Portfolio value is calculated separately for each margin wallet by adding the account balance to the profit or loss from open positions held within the wallet:
Portfolio Value = Balance Value in USD + Profit or Loss from Open Positions
This calculation happens in real-time and you can view this on the Balances panel as the market moves.
We calculate the profit or loss from open positions based on our estimate of the current price of the instrument:
For inverse Derivatives, profit or loss is calculated as:
Profit or Loss from Open Positions = ( 1 / Entry Price - 1 / Current Price ) * Position Size
For linear Derivatives, profit or loss is calculated as:
Profit or Loss from Open Positions = ( Current Price - Entry Price ) * Position Size
We continuously update our estimates of current instrument prices based on current spot prices (as given by our real-time indices), and our estimate of the current forward premium or discount:
Mark Price = Index Price + Current Forward Premium or Discount
We calculate the current forward premium or discount as the percentage deviation of the instrument's current mid price from the spot price.
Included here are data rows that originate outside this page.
(* Let $r$ be an $\mathfrak s$-matrix on a pre-Lie algebra $(\mathfrak g,\cdot_{\mathfrak g})$. Then the map $\varrho:\mathfrak g^*\to\mathfrak{gl}(\mathfrak g)$, $\varrho(\alpha)(x)=[r^\sharp(\alpha),x]_{\mathfrak g}+r^\sharp(L^*_x\alpha)$, is a representation of the Lie algebra $(\mathfrak g^*,[\cdot,\cdot]_r)$ on $\mathfrak g$.
   Context: A pre-Lie algebra is a finite-dimensional vector space $\mathfrak g$ over a field of characteristic $0$ with product $\cdot$ satisfying $(x\cdot y)\cdot z-x\cdot(y\cdot z)=(y\cdot x)\cdot z-y\cdot(x\cdot z)$; $[x,y]_{\mathfrak g}=x\cdot y-y\cdot x$. Define $\langle L^*_x\alpha,y\rangle=-\langle\alpha,x\cdot y\rangle$. For $r\in\mathrm{Sym}^2(\mathfrak g)$, $\langle r^\sharp(\alpha),\beta\rangle=r(\alpha,\beta)$. For $r=\sum_ia_i\otimes b_i$, $[r,r]=-\sum_{i,j}a_i\cdot a_j\otimes b_i\otimes b_j+\sum_{i,j}a_i\otimes b_i\cdot a_j\otimes b_j+\sum_{i,j}a_i\otimes a_j\otimes[b_i,b_j]_{\mathfrak g}$; $r$ is an $\mathfrak s$-matrix if $r\in\mathrm{Sym}^2(\mathfrak g)$ and $[r,r]=0$. $[\alpha,\beta]_r=L^*_{r^\sharp(\alpha)}\beta-L^*_{r^\sharp(\beta)}\alpha$ (this is a Lie bracket on $\mathfrak g^*$ when $r$ is an $\mathfrak s$-matrix). *)

theory Defs
  imports Main
begin

text \<open>Coordinate model: the finite-dimensional vector space g is k^n, realised as
  functions 'n \<Rightarrow> 'k for a finite index type 'n; the dual g* is realised in the same
  way via the standard pairing. Tensors in g\<otimes>g and g\<otimes>g\<otimes>g are coefficient arrays.\<close>

definition vadd :: "('n \<Rightarrow> 'k::field) \<Rightarrow> ('n \<Rightarrow> 'k) \<Rightarrow> ('n \<Rightarrow> 'k)" where
  "vadd x y = (\<lambda>i. x i + y i)"

definition vsub :: "('n \<Rightarrow> 'k::field) \<Rightarrow> ('n \<Rightarrow> 'k) \<Rightarrow> ('n \<Rightarrow> 'k)" where
  "vsub x y = (\<lambda>i. x i - y i)"

definition vsmul :: "'k::field \<Rightarrow> ('n \<Rightarrow> 'k) \<Rightarrow> ('n \<Rightarrow> 'k)" where
  "vsmul c x = (\<lambda>i. c * x i)"

definition bvec :: "'n \<Rightarrow> ('n \<Rightarrow> 'k::field)" where
  "bvec i = (\<lambda>j. if j = i then 1 else 0)"

definition pair :: "('n::finite \<Rightarrow> 'k::field) \<Rightarrow> ('n \<Rightarrow> 'k) \<Rightarrow> 'k" where
  "pair \<alpha> x = (\<Sum>i\<in>UNIV. \<alpha> i * x i)"

definition lin_map :: "(('n \<Rightarrow> 'k::field) \<Rightarrow> ('m \<Rightarrow> 'k)) \<Rightarrow> bool" where
  "lin_map f \<longleftrightarrow> (\<forall>x y. f (vadd x y) = vadd (f x) (f y)) \<and> (\<forall>c x. f (vsmul c x) = vsmul c (f x))"

definition bilin_map :: "(('n \<Rightarrow> 'k::field) \<Rightarrow> ('n \<Rightarrow> 'k) \<Rightarrow> ('n \<Rightarrow> 'k)) \<Rightarrow> bool" where
  "bilin_map m \<longleftrightarrow> (\<forall>x. lin_map (m x)) \<and> (\<forall>y. lin_map (\<lambda>x. m x y))"

definition pre_lie :: "(('n \<Rightarrow> 'k::field) \<Rightarrow> ('n \<Rightarrow> 'k) \<Rightarrow> ('n \<Rightarrow> 'k)) \<Rightarrow> bool" where
  "pre_lie m \<longleftrightarrow> bilin_map m \<and>
     (\<forall>x y z. vsub (m (m x y) z) (m x (m y z)) = vsub (m (m y x) z) (m y (m x z)))"

definition comm :: "(('n \<Rightarrow> 'k::field) \<Rightarrow> ('n \<Rightarrow> 'k) \<Rightarrow> ('n \<Rightarrow> 'k)) \<Rightarrow> ('n \<Rightarrow> 'k) \<Rightarrow> ('n \<Rightarrow> 'k) \<Rightarrow> ('n \<Rightarrow> 'k)" where
  "comm m x y = vsub (m x y) (m y x)"

text \<open>L^*_x alpha, determined by <L^*_x alpha, y> = - <alpha, x.y>\<close>
definition Lstar :: "(('n::finite \<Rightarrow> 'k::field) \<Rightarrow> ('n \<Rightarrow> 'k) \<Rightarrow> ('n \<Rightarrow> 'k)) \<Rightarrow> ('n \<Rightarrow> 'k) \<Rightarrow> ('n \<Rightarrow> 'k) \<Rightarrow> ('n \<Rightarrow> 'k)" where
  "Lstar m x \<alpha> = (\<lambda>j. - pair \<alpha> (m x (bvec j)))"

text \<open>r = sum_{i,j} r i j e_i \<otimes> e_j; r(alpha,beta) = sum r i j alpha_i beta_j;
  r^sharp determined by <r^sharp alpha, beta> = r(alpha, beta)\<close>
definition sharp :: "('n::finite \<Rightarrow> 'n \<Rightarrow> 'k::field) \<Rightarrow> ('n \<Rightarrow> 'k) \<Rightarrow> ('n \<Rightarrow> 'k)" where
  "sharp r \<alpha> = (\<lambda>j. \<Sum>i\<in>UNIV. r i j * \<alpha> i)"

definition sym2 :: "('n \<Rightarrow> 'n \<Rightarrow> 'k) \<Rightarrow> bool" where
  "sym2 r \<longleftrightarrow> (\<forall>i j. r i j = r j i)"

text \<open>[r,r] for r = sum_{(i,j)} (r i j e_i) \<otimes> e_j, as coefficient array of g\<otimes>g\<otimes>g\<close>
definition rr :: "(('n::finite \<Rightarrow> 'k::field) \<Rightarrow> ('n \<Rightarrow> 'k) \<Rightarrow> ('n \<Rightarrow> 'k)) \<Rightarrow> ('n \<Rightarrow> 'n \<Rightarrow> 'k)
    \<Rightarrow> 'n \<Rightarrow> 'n \<Rightarrow> 'n \<Rightarrow> 'k" where
  "rr m r p q s =
     - (\<Sum>i\<in>UNIV. \<Sum>j\<in>UNIV. \<Sum>k\<in>UNIV. \<Sum>l\<in>UNIV.
          m (vsmul (r i j) (bvec i)) (vsmul (r k l) (bvec k)) p * bvec j q * bvec l s)
     + (\<Sum>i\<in>UNIV. \<Sum>j\<in>UNIV. \<Sum>k\<in>UNIV. \<Sum>l\<in>UNIV.
          vsmul (r i j) (bvec i) p * m (bvec j) (vsmul (r k l) (bvec k)) q * bvec l s)
     + (\<Sum>i\<in>UNIV. \<Sum>j\<in>UNIV. \<Sum>k\<in>UNIV. \<Sum>l\<in>UNIV.
          vsmul (r i j) (bvec i) p * vsmul (r k l) (bvec k) q * comm m (bvec j) (bvec l) s)"

definition s_matrix :: "(('n::finite \<Rightarrow> 'k::field) \<Rightarrow> ('n \<Rightarrow> 'k) \<Rightarrow> ('n \<Rightarrow> 'k)) \<Rightarrow> ('n \<Rightarrow> 'n \<Rightarrow> 'k) \<Rightarrow> bool" where
  "s_matrix m r \<longleftrightarrow> sym2 r \<and> (\<forall>p q s. rr m r p q s = 0)"

definition r_bracket :: "(('n::finite \<Rightarrow> 'k::field) \<Rightarrow> ('n \<Rightarrow> 'k) \<Rightarrow> ('n \<Rightarrow> 'k)) \<Rightarrow> ('n \<Rightarrow> 'n \<Rightarrow> 'k)
    \<Rightarrow> ('n \<Rightarrow> 'k) \<Rightarrow> ('n \<Rightarrow> 'k) \<Rightarrow> ('n \<Rightarrow> 'k)" where
  "r_bracket m r \<alpha> \<beta> = vsub (Lstar m (sharp r \<alpha>) \<beta>) (Lstar m (sharp r \<beta>) \<alpha>)"

definition rho :: "(('n::finite \<Rightarrow> 'k::field) \<Rightarrow> ('n \<Rightarrow> 'k) \<Rightarrow> ('n \<Rightarrow> 'k)) \<Rightarrow> ('n \<Rightarrow> 'n \<Rightarrow> 'k)
    \<Rightarrow> ('n \<Rightarrow> 'k) \<Rightarrow> ('n \<Rightarrow> 'k) \<Rightarrow> ('n \<Rightarrow> 'k)" where
  "rho m r \<alpha> x = vadd (comm m (sharp r \<alpha>) x) (sharp r (Lstar m x \<alpha>))"

definition lie_rep :: "(('n \<Rightarrow> 'k::field) \<Rightarrow> ('n \<Rightarrow> 'k) \<Rightarrow> ('n \<Rightarrow> 'k))
    \<Rightarrow> (('n \<Rightarrow> 'k) \<Rightarrow> ('m \<Rightarrow> 'k) \<Rightarrow> ('m \<Rightarrow> 'k)) \<Rightarrow> bool" where
  "lie_rep br \<rho> \<longleftrightarrow>
     (\<forall>\<alpha>. lin_map (\<rho> \<alpha>)) \<and>
     (\<forall>\<alpha> \<beta>. \<rho> (vadd \<alpha> \<beta>) = (\<lambda>x. vadd (\<rho> \<alpha> x) (\<rho> \<beta> x))) \<and>
     (\<forall>c \<alpha>. \<rho> (vsmul c \<alpha>) = (\<lambda>x. vsmul c (\<rho> \<alpha> x))) \<and>
     (\<forall>\<alpha> \<beta> x. \<rho> (br \<alpha> \<beta>) x = vsub (\<rho> \<alpha> (\<rho> \<beta> x)) (\<rho> \<beta> (\<rho> \<alpha> x)))"

end

theory Submission
  imports Defs "HOL-Library.Function_Algebras"
begin

text \<open>The whole argument rests on one identity: pairing the equation [r,r] = 0 with
  \<alpha> \<otimes> \<beta> \<otimes> \<gamma> shows that r\<sharp> is a homomorphism of brackets,
  r\<sharp>[\<alpha>,\<beta>]_r = [r\<sharp>\<alpha>, r\<sharp>\<beta>]_g.
  The pre-Lie identity makes [-,-]_g a Lie bracket and x \<mapsto> L*_x a representation of it on
  the dual. Expanding \<rho>(\<alpha>)\<rho>(\<beta>) - \<rho>(\<beta>)\<rho>(\<alpha>) and using these three facts, the terms
  regroup into \<rho>([\<alpha>,\<beta>]_r); linearity of \<rho> is immediate.\<close>

lemma vadd_eq_plus: "vadd x y = x + y"
  by (simp add: vadd_def fun_eq_iff)

lemma vsub_eq_minus: "vsub x y = x - y"
  by (simp add: vsub_def fun_eq_iff)

lemma vsmul_add_right: "vsmul c (x + y) = vsmul c x + vsmul c y"
  by (simp add: vsmul_def fun_eq_iff algebra_simps)

lemma bvec_apply: "bvec j i = (if i = j then 1 else 0)"
  by (simp add: bvec_def)

lemma if_zero_times: "(if P then a else 0) * (b::'k::field) = (if P then a * b else 0)"
  by simp

lemma times_if_zero: "(b::'k::field) * (if P then a else 0) = (if P then b * a else 0)"
  by simp

lemma sum_if_zero: "(\<Sum>k\<in>A. if P then f k else 0) = (if P then (\<Sum>k\<in>A. f k) else 0)"
  by simp

lemmas delta_simps = bvec_apply if_zero_times times_if_zero sum_if_zero sum.delta sum.delta'

lemma vec_expansion: "(y::'n::finite \<Rightarrow> 'k::field) = (\<lambda>i. \<Sum>j\<in>UNIV. y j * bvec j i)"
  by (simp add: delta_simps fun_eq_iff)

lemma lin_map_add: "lin_map f \<Longrightarrow> f (x + y) = f x + f y"
  by (metis lin_map_def vadd_eq_plus)

lemma lin_map_smul: "lin_map f \<Longrightarrow> f (vsmul c x) = vsmul c (f x)"
  by (simp add: lin_map_def)

lemma lin_map_uminus: "lin_map f \<Longrightarrow> f (- x) = - f (x::'n \<Rightarrow> 'k::field)"
proof -
  assume f: "lin_map f"
  have "- x = vsmul (-1) x" by (simp add: vsmul_def fun_eq_iff)
  then have "f (- x) = vsmul (-1) (f x)" using lin_map_smul[OF f] by metis
  then show ?thesis by (simp add: vsmul_def fun_eq_iff)
qed

lemma lin_map_zero: "lin_map f \<Longrightarrow> f 0 = (0::'m \<Rightarrow> 'k::field)"
proof -
  assume f: "lin_map f"
  have "(0::'n \<Rightarrow> 'k) = vsmul 0 0" by (simp add: vsmul_def fun_eq_iff)
  then have "f 0 = vsmul 0 (f 0)" using lin_map_smul[OF f] by metis
  then show ?thesis by (simp add: vsmul_def fun_eq_iff)
qed

lemma lin_map_diff: "lin_map f \<Longrightarrow> f (x - y) = f x - f (y::'n \<Rightarrow> 'k::field)"
  using lin_map_add[of f x "- y"] lin_map_uminus[of f y] by simp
The maximum permissible premium or discount is capped at 1% for Derivatives with 1 day to maturity and 20% for Derivatives with 210 days to maturity and is linearly interpolated in between (perpetual derivatives, which do not expire, have a premium cap of 1%).
Note that our estimate of current instrument prices is used only for margin management and does not affect your actual profit or loss once a position is closed out or settled.